» Your assignment: Copy, from the entries below, each line where the word "True" can be found.

Stored items
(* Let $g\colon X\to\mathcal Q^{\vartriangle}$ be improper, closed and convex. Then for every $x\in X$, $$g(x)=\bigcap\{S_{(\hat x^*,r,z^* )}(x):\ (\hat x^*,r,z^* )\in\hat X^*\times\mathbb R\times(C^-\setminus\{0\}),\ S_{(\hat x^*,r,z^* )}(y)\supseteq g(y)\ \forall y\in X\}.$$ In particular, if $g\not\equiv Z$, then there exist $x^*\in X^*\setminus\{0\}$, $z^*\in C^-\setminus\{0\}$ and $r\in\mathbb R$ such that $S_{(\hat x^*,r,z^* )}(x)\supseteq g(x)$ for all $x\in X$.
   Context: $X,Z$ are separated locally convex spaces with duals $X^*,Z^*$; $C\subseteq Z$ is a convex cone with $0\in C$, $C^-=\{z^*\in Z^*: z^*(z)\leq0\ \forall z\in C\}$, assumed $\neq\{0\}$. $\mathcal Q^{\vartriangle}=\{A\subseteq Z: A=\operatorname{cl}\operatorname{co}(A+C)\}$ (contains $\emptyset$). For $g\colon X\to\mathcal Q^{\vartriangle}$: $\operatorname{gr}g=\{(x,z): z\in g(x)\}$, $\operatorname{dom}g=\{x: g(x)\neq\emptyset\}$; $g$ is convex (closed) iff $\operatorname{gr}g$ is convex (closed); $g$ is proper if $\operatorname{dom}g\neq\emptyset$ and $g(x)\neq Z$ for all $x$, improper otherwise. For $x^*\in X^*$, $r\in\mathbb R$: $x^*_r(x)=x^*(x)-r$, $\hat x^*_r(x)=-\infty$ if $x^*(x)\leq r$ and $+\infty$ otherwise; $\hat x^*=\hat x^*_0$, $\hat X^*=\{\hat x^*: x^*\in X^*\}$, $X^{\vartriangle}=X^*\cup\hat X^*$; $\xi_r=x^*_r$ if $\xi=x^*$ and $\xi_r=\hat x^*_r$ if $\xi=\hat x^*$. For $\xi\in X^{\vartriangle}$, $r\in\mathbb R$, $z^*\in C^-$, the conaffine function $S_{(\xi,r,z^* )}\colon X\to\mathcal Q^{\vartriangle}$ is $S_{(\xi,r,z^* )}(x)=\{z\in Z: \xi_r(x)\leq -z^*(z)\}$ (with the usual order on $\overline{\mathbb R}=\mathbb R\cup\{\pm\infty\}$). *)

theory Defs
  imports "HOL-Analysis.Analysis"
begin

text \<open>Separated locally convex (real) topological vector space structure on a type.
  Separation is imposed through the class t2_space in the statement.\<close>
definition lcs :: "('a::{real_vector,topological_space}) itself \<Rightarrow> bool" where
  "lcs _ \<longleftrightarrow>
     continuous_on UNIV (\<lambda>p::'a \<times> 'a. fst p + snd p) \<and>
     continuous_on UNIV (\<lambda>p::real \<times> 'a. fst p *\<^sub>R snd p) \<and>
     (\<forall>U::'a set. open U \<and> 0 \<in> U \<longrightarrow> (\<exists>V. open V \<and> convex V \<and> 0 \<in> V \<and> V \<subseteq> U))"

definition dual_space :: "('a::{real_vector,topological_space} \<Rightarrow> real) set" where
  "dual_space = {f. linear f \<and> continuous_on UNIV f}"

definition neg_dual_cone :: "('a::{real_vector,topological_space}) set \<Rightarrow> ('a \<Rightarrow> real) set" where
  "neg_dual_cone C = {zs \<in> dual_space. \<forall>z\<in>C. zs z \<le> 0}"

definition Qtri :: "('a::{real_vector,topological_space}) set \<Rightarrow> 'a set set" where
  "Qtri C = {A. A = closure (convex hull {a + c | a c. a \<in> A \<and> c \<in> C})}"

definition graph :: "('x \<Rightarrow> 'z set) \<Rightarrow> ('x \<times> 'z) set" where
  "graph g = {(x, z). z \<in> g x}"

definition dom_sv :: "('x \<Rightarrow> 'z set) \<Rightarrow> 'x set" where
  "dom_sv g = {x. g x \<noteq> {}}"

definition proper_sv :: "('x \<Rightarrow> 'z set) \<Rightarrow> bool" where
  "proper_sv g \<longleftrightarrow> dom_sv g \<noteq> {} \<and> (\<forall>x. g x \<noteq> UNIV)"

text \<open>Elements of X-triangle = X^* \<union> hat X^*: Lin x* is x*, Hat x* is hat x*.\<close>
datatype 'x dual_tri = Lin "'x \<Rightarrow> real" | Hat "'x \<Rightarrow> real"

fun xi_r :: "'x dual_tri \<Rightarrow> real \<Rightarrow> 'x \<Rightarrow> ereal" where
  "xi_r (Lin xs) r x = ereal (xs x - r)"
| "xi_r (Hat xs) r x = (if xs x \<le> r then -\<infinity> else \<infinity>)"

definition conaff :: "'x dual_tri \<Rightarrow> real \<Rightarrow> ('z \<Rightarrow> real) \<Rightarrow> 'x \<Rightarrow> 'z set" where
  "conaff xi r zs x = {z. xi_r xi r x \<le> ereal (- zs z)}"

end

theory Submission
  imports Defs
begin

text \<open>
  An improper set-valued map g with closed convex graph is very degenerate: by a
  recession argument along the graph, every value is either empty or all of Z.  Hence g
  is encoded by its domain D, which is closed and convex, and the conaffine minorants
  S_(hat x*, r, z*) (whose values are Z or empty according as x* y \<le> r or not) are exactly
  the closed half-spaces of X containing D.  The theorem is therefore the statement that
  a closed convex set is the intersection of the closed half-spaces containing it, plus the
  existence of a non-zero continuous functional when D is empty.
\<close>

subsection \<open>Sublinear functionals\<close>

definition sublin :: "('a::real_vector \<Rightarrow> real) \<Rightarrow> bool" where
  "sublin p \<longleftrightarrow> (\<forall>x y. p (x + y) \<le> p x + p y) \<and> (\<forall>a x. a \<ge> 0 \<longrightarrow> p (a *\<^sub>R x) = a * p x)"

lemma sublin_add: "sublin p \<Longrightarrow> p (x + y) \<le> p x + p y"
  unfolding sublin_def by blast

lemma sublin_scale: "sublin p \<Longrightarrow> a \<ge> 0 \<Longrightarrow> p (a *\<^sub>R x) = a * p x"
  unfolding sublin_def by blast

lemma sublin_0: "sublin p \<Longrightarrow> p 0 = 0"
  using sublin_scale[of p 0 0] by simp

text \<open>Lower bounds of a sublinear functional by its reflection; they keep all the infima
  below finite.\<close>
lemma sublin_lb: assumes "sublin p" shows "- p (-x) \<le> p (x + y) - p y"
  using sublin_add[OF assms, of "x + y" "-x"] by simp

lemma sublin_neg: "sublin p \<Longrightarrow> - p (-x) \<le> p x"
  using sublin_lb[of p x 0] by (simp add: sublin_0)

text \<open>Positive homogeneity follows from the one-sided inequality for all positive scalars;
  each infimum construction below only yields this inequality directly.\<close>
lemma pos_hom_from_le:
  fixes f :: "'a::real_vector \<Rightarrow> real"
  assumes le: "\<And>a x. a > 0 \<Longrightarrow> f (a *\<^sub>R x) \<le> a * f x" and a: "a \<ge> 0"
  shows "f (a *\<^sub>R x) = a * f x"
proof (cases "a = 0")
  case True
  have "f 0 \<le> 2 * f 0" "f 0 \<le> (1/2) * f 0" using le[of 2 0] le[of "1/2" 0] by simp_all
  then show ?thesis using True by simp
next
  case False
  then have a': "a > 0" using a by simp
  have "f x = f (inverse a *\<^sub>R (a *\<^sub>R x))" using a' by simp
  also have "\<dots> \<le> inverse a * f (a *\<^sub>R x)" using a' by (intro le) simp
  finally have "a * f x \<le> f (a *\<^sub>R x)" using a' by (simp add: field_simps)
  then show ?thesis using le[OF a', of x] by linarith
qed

» Reply:
  case True
  then show ?thesis using True by simp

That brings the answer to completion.